**What you are asked to do:** A faithful copy of all the data below, please; leave no line out.

**Data for processing:**
lemma joint_ker_adj_subset_closed_span_branch_children:
  assumes "d \<ge> 1"
    and trees: "\<And>j. j < d \<Longrightarrow> rooted_directed_tree (V j) (E j)"
    and weights_pos: "\<And>j w. j < d \<Longrightarrow> w \<in> prod_vertices d V \<Longrightarrow>
                        w j \<noteq> tree_root (V j) (E j) \<Longrightarrow> lam j w > 0"
  shows "(\<Inter>j\<in>{..<d}. ker_adj (prod_vertices d V) (mshift d V E lam j))
         \<subseteq> closed_span (prod_vertices d V)
             {basis_vec v | v. v \<in> PiE {..<d} (\<lambda>j. children_set (E j) (branching (V j) (E j))
                                                    \<union> {tree_root (V j) (E j)})}"
proof
  fix x assume x: "x \<in> (\<Inter>j\<in>{..<d}. ker_adj (prod_vertices d V) (mshift d V E lam j))"
  then have "x \<in> ker_adj (prod_vertices d V) (mshift d V E lam 0)"
    using \<open>d \<ge> 1\<close> by auto
  then have "x \<in> l2 (prod_vertices d V)"
    by (simp add: ker_adj_def)
  moreover have "x w = 0"
    if "w \<notin> PiE {..<d} (\<lambda>j. children_set (E j) (branching (V j) (E j))
                                   \<union> {tree_root (V j) (E j)})" for w
  proof (cases "w \<in> prod_vertices d V")
    case True
    show ?thesis
      using trees weights_pos x True that by (rule joint_ker_adj_vanishes_off_branch_children)
  next
    case False
    then show ?thesis
      using \<open>x \<in> l2 (prod_vertices d V)\<close> by (simp add: l2_def)
  qed
  ultimately show "x \<in> closed_span (prod_vertices d V)
      {basis_vec v | v. v \<in> PiE {..<d} (\<lambda>j. children_set (E j) (branching (V j) (E j))
                                             \<union> {tree_root (V j) (E j)})}"
    by (rule l2_in_closed_span_basis_vec)
qed

theorem mainTheorem15:
  fixes d :: nat
    and V :: "nat \<Rightarrow> 'a set"
    and E :: "nat \<Rightarrow> ('a \<times> 'a) set"
    and lam :: "nat \<Rightarrow> (nat \<Rightarrow> 'a) \<Rightarrow> real"
  assumes d_pos: "d \<ge> 1"
    and trees: "\<forall>j<d. rooted_directed_tree (V j) (E j) \<and> leafless (V j) (E j) \<and> countable (V j)"
    and weights_pos: "\<forall>j<d. \<forall>w\<in>prod_vertices d V. w j \<noteq> tree_root (V j) (E j) \<longrightarrow> lam j w > 0"
    and bounded: "\<forall>j<d. bounded_on_l2 (prod_vertices d V) (mshift d V E lam j)"
    and commuting: "\<forall>i<d. \<forall>j<d. \<forall>f\<in>l2 (prod_vertices d V).
        mshift d V E lam i (mshift d V E lam j f) = mshift d V E lam j (mshift d V E lam i f)"
  shows
   "let X = prod_vertices d V;
        rt = prod_root d V E;
        Ek = (\<Inter>j\<in>{..<d}. ker_adj X (mshift d V E lam j));
        D = (\<lambda>j. {v \<in> X. v j \<in> branching (V j) (E j) \<and>
                          (\<forall>i<d. i \<noteq> j \<longrightarrow> v i = tree_root (V i) (E i))});
        Gamma = (\<lambda>j v u. if u \<in> children_j d V E j v then complex_of_real (lam j u) else 0);
        F = (\<lambda>j. children_set (E j) (branching (V j) (E j)) \<union> {tree_root (V j) (E j)});
        LHS = oplus2 X
                (closed_span X (\<Union>j\<in>{..<d}.
                   osum X (D j) (\<lambda>v. ortho_diff X (l2_sub X (children_j d V E j v))
                                                  (line_span (Gamma j v)))))
                (line_span (basis_vec rt));
        RHS = closed_span X {basis_vec v | v. v \<in> PiE {..<d} F}
    in LHS \<subseteq> Ek \<and> Ek \<subseteq> RHS"
proof -
  define X where "X = prod_vertices d V"
  define Ek where "Ek = (\<Inter>j\<in>{..<d}. ker_adj X (mshift d V E lam j))"
  define F where "F = (\<lambda>j. children_set (E j) (branching (V j) (E j)) \<union> {tree_root (V j) (E j)})"
  have tree: "\<And>j. j < d \<Longrightarrow> rooted_directed_tree (V j) (E j)"
    using trees by blast
  have closed: "closed_span X A \<subseteq> Ek" if "A \<subseteq> Ek" for A
    using bounded that unfolding Ek_def X_def bounded_on_l2_def
    by (intro closed_span_subset_Inter_ker_adj) auto
  have first_kind: "ortho_diff X (l2_sub X (children_j d V E j v))
      (line_span (\<lambda>u. if u \<in> children_j d V E j v then complex_of_real (lam j u) else 0)) \<subseteq> Ek"
    if "j < d" "\<forall>i<d. i \<noteq> j \<longrightarrow> v i = tree_root (V i) (E i)" for j v
    unfolding Ek_def using that tree
    by (intro INT_greatest ortho_diff_children_j_subset_ker_adj[where V = V and E = E]) auto
  have root: "line_span (basis_vec (prod_root d V E)) \<subseteq> Ek"
    unfolding Ek_def X_def using tree
    by (intro INT_greatest line_span_prod_root_subset_ker_adj[where V = V and E = E]) auto
  have upper: "Ek \<subseteq> closed_span X {basis_vec v | v. v \<in> PiE {..<d} F}"
    unfolding Ek_def X_def F_def using d_pos tree weights_pos
    by (intro joint_ker_adj_subset_closed_span_branch_children) auto
  show ?thesis
    unfolding Let_def oplus2_def osum_def X_def[symmetric] F_def[symmetric] Ek_def[symmetric]
    by (intro conjI closed Un_least UN_least root upper) (auto dest: first_kind)
qed
lemma concave_on_ln_gauss_box:
  assumes "0 < R" "0 < lam"
  shows "concave_on UNIV (\<lambda>y. ln (gauss_box lam R y))"
proof (rule concave_on_ln_if_deriv_ineq)
  show "(gauss_box lam R has_real_derivative exp (- lam * (y + R)\<^sup>2) - exp (- lam * (y - R)\<^sup>2)) (at y)"
    for y using assms by (intro has_real_derivative_gauss_box) simp
  show "((\<lambda>y. exp (- lam * (y + R)\<^sup>2) - exp (- lam * (y - R)\<^sup>2)) has_real_derivative
          2 * lam * (y - R) * exp (- lam * (y - R)\<^sup>2) - 2 * lam * (y + R) * exp (- lam * (y + R)\<^sup>2))
        (at y)" for y
    by (auto intro!: derivative_eq_intros simp: algebra_simps)
qed (use assms gauss_box_pos gauss_box_deriv_ineq in auto)

definition box_moment :: "real \<Rightarrow> real \<Rightarrow> nat \<Rightarrow> real \<Rightarrow> real" where
  "box_moment k R j x = integral {-R..R} (\<lambda>c. (k * c) ^ j * exp (k * c * x))"

lemma has_real_derivative_box_moment:
  "(box_moment k R j has_real_derivative box_moment k R (Suc j) x) (at x)"
proof -
  have "(box_moment k R j has_real_derivative
          integral {-R..R} (\<lambda>c. (k * c) ^ j * (exp (k * c * x) * (k * c)))) (at x)"
    unfolding box_moment_def
    by (rule has_real_derivative_parametric_integral)
       (auto intro!: derivative_eq_intros continuous_intros simp: split_beta)
  then show ?thesis
    by (simp add: box_moment_def algebra_simps)
qed

lemma continuous_on_box_moment: "continuous_on S (box_moment k R j)"
  using has_real_derivative_box_moment
  by (meson DERIV_continuous continuous_at_imp_continuous_on)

**Output for this exercise:**
lemma joint_ker_adj_subset_closed_span_branch_children:
  assumes "d \<ge> 1"
    and trees: "\<And>j. j < d \<Longrightarrow> rooted_directed_tree (V j) (E j)"
    and weights_pos: "\<And>j w. j < d \<Longrightarrow> w \<in> prod_vertices d V \<Longrightarrow>
                        w j \<noteq> tree_root (V j) (E j) \<Longrightarrow> lam j w > 0"
  shows "(\<Inter>j\<in>{..<d}. ker_adj (prod_vertices d V) (mshift d V E lam j))
         \<subseteq> closed_span (prod_vertices d V)
             {basis_vec v | v. v \<in> PiE {..<d} (\<lambda>j. children_set (E j) (branching (V j) (E j))
                                                    \<union> {tree_root (V j) (E j)})}"
proof
  fix x assume x: "x \<in> (\<Inter>j\<in>{..<d}. ker_adj (prod_vertices d V) (mshift d V E lam j))"
  then have "x \<in> ker_adj (prod_vertices d V) (mshift d V E lam 0)"
    using \<open>d \<ge> 1\<close> by auto
  then have "x \<in> l2 (prod_vertices d V)"
    by (simp add: ker_adj_def)
  moreover have "x w = 0"
    if "w \<notin> PiE {..<d} (\<lambda>j. children_set (E j) (branching (V j) (E j))
                                   \<union> {tree_root (V j) (E j)})" for w
  proof (cases "w \<in> prod_vertices d V")
    case True
    show ?thesis
      using trees weights_pos x True that by (rule joint_ker_adj_vanishes_off_branch_children)
  next
    case False
    then show ?thesis
      using \<open>x \<in> l2 (prod_vertices d V)\<close> by (simp add: l2_def)
  qed
  ultimately show "x \<in> closed_span (prod_vertices d V)
      {basis_vec v | v. v \<in> PiE {..<d} (\<lambda>j. children_set (E j) (branching (V j) (E j))
                                             \<union> {tree_root (V j) (E j)})}"
    by (rule l2_in_closed_span_basis_vec)
qed

theorem mainTheorem15:
  fixes d :: nat
    and V :: "nat \<Rightarrow> 'a set"
    and E :: "nat \<Rightarrow> ('a \<times> 'a) set"
    and lam :: "nat \<Rightarrow> (nat \<Rightarrow> 'a) \<Rightarrow> real"
  assumes d_pos: "d \<ge> 1"
    and trees: "\<forall>j<d. rooted_directed_tree (V j) (E j) \<and> leafless (V j) (E j) \<and> countable (V j)"
    and weights_pos: "\<forall>j<d. \<forall>w\<in>prod_vertices d V. w j \<noteq> tree_root (V j) (E j) \<longrightarrow> lam j w > 0"
    and bounded: "\<forall>j<d. bounded_on_l2 (prod_vertices d V) (mshift d V E lam j)"
    and commuting: "\<forall>i<d. \<forall>j<d. \<forall>f\<in>l2 (prod_vertices d V).
        mshift d V E lam i (mshift d V E lam j f) = mshift d V E lam j (mshift d V E lam i f)"
  shows
   "let X = prod_vertices d V;
        rt = prod_root d V E;
        Ek = (\<Inter>j\<in>{..<d}. ker_adj X (mshift d V E lam j));
        D = (\<lambda>j. {v \<in> X. v j \<in> branching (V j) (E j) \<and>
                          (\<forall>i<d. i \<noteq> j \<longrightarrow> v i = tree_root (V i) (E i))});
        Gamma = (\<lambda>j v u. if u \<in> children_j d V E j v then complex_of_real (lam j u) else 0);
        F = (\<lambda>j. children_set (E j) (branching (V j) (E j)) \<union> {tree_root (V j) (E j)});
        LHS = oplus2 X
                (closed_span X (\<Union>j\<in>{..<d}.
                   osum X (D j) (\<lambda>v. ortho_diff X (l2_sub X (children_j d V E j v))
                                                  (line_span (Gamma j v)))))
                (line_span (basis_vec rt));
        RHS = closed_span X {basis_vec v | v. v \<in> PiE {..<d} F}
    in LHS \<subseteq> Ek \<and> Ek \<subseteq> RHS"
proof -
  define X where "X = prod_vertices d V"
  define Ek where "Ek = (\<Inter>j\<in>{..<d}. ker_adj X (mshift d V E lam j))"
  define F where "F = (\<lambda>j. children_set (E j) (branching (V j) (E j)) \<union> {tree_root (V j) (E j)})"
  have tree: "\<And>j. j < d \<Longrightarrow> rooted_directed_tree (V j) (E j)"
    using trees by blast
  have closed: "closed_span X A \<subseteq> Ek" if "A \<subseteq> Ek" for A
    using bounded that unfolding Ek_def X_def bounded_on_l2_def
    by (intro closed_span_subset_Inter_ker_adj) auto
  have first_kind: "ortho_diff X (l2_sub X (children_j d V E j v))
      (line_span (\<lambda>u. if u \<in> children_j d V E j v then complex_of_real (lam j u) else 0)) \<subseteq> Ek"
    if "j < d" "\<forall>i<d. i \<noteq> j \<longrightarrow> v i = tree_root (V i) (E i)" for j v
    unfolding Ek_def using that tree
    by (intro INT_greatest ortho_diff_children_j_subset_ker_adj[where V = V and E = E]) auto
  have root: "line_span (basis_vec (prod_root d V E)) \<subseteq> Ek"
    unfolding Ek_def X_def using tree
    by (intro INT_greatest line_span_prod_root_subset_ker_adj[where V = V and E = E]) auto
  have upper: "Ek \<subseteq> closed_span X {basis_vec v | v. v \<in> PiE {..<d} F}"
    unfolding Ek_def X_def F_def using d_pos tree weights_pos
    by (intro joint_ker_adj_subset_closed_span_branch_children) auto
  show ?thesis
    unfolding Let_def oplus2_def osum_def X_def[symmetric] F_def[symmetric] Ek_def[symmetric]
    by (intro conjI closed Un_least UN_least root upper) (auto dest: first_kind)
qed
lemma concave_on_ln_gauss_box:
  assumes "0 < R" "0 < lam"
  shows "concave_on UNIV (\<lambda>y. ln (gauss_box lam R y))"
proof (rule concave_on_ln_if_deriv_ineq)
  show "(gauss_box lam R has_real_derivative exp (- lam * (y + R)\<^sup>2) - exp (- lam * (y - R)\<^sup>2)) (at y)"
    for y using assms by (intro has_real_derivative_gauss_box) simp
  show "((\<lambda>y. exp (- lam * (y + R)\<^sup>2) - exp (- lam * (y - R)\<^sup>2)) has_real_derivative
          2 * lam * (y - R) * exp (- lam * (y - R)\<^sup>2) - 2 * lam * (y + R) * exp (- lam * (y + R)\<^sup>2))
        (at y)" for y
    by (auto intro!: derivative_eq_intros simp: algebra_simps)
qed (use assms gauss_box_pos gauss_box_deriv_ineq in auto)

definition box_moment :: "real \<Rightarrow> real \<Rightarrow> nat \<Rightarrow> real \<Rightarrow> real" where
  "box_moment k R j x = integral {-R..R} (\<lambda>c. (k * c) ^ j * exp (k * c * x))"

lemma has_real_derivative_box_moment:
  "(box_moment k R j has_real_derivative box_moment k R (Suc j) x) (at x)"
proof -
  have "(box_moment k R j has_real_derivative
          integral {-R..R} (\<lambda>c. (k * c) ^ j * (exp (k * c * x) * (k * c)))) (at x)"
    unfolding box_moment_def
    by (rule has_real_derivative_parametric_integral)
       (auto intro!: derivative_eq_intros continuous_intros simp: split_beta)
  then show ?thesis
    by (simp add: box_moment_def algebra_simps)
qed

lemma continuous_on_box_moment: "continuous_on S (box_moment k R j)"
  using has_real_derivative_box_moment
  by (meson DERIV_continuous continuous_at_imp_continuous_on)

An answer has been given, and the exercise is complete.